● PROBLEM REQUIREMENTS: Return, from the data that follows, each line that holds the word "True".

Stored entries

==================================================

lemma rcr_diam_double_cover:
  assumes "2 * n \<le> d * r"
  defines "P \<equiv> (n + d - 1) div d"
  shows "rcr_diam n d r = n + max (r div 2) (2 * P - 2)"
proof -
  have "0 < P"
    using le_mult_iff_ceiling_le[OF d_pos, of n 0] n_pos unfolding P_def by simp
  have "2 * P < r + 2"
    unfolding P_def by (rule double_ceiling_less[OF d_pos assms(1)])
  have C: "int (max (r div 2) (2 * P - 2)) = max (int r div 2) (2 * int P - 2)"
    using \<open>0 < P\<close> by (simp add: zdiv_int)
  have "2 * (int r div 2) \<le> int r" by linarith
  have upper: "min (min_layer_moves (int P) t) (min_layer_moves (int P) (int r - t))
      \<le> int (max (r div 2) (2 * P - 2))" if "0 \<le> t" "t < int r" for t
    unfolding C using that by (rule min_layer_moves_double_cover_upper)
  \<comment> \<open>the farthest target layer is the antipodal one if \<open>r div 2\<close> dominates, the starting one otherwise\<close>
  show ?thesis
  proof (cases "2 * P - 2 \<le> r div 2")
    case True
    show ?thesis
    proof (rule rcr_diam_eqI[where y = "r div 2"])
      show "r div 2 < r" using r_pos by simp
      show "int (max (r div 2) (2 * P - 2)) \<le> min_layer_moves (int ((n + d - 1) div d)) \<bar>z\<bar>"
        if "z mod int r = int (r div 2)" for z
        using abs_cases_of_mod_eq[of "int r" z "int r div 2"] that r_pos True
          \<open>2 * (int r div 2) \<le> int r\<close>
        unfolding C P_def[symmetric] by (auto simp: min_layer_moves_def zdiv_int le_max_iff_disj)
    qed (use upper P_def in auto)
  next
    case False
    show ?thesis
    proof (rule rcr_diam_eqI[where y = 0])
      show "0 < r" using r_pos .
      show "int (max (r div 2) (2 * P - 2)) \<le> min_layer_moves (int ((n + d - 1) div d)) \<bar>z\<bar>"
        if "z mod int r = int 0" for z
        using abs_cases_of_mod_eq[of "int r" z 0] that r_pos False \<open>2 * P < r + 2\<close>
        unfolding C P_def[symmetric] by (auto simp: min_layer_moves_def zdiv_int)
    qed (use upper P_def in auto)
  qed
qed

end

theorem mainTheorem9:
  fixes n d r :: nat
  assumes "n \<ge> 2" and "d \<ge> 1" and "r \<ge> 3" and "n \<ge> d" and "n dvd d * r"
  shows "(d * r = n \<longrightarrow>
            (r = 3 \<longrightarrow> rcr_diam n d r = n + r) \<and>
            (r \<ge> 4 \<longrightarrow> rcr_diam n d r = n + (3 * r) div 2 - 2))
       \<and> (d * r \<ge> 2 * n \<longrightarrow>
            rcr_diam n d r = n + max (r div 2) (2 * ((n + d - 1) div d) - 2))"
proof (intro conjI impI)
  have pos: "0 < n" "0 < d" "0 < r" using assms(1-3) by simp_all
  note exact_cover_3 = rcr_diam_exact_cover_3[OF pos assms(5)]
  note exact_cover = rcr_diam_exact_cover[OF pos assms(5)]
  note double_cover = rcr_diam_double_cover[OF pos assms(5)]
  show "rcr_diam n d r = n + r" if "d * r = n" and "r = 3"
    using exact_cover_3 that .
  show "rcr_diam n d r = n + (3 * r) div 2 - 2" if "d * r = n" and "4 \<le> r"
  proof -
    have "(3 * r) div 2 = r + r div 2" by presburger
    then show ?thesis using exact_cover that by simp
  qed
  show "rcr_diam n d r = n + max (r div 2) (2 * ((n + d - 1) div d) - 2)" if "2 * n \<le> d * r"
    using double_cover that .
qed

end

==================================================

● RESULT OF THIS TASK:
    case True
        using abs_cases_of_mod_eq[of "int r" z "int r div 2"] that r_pos True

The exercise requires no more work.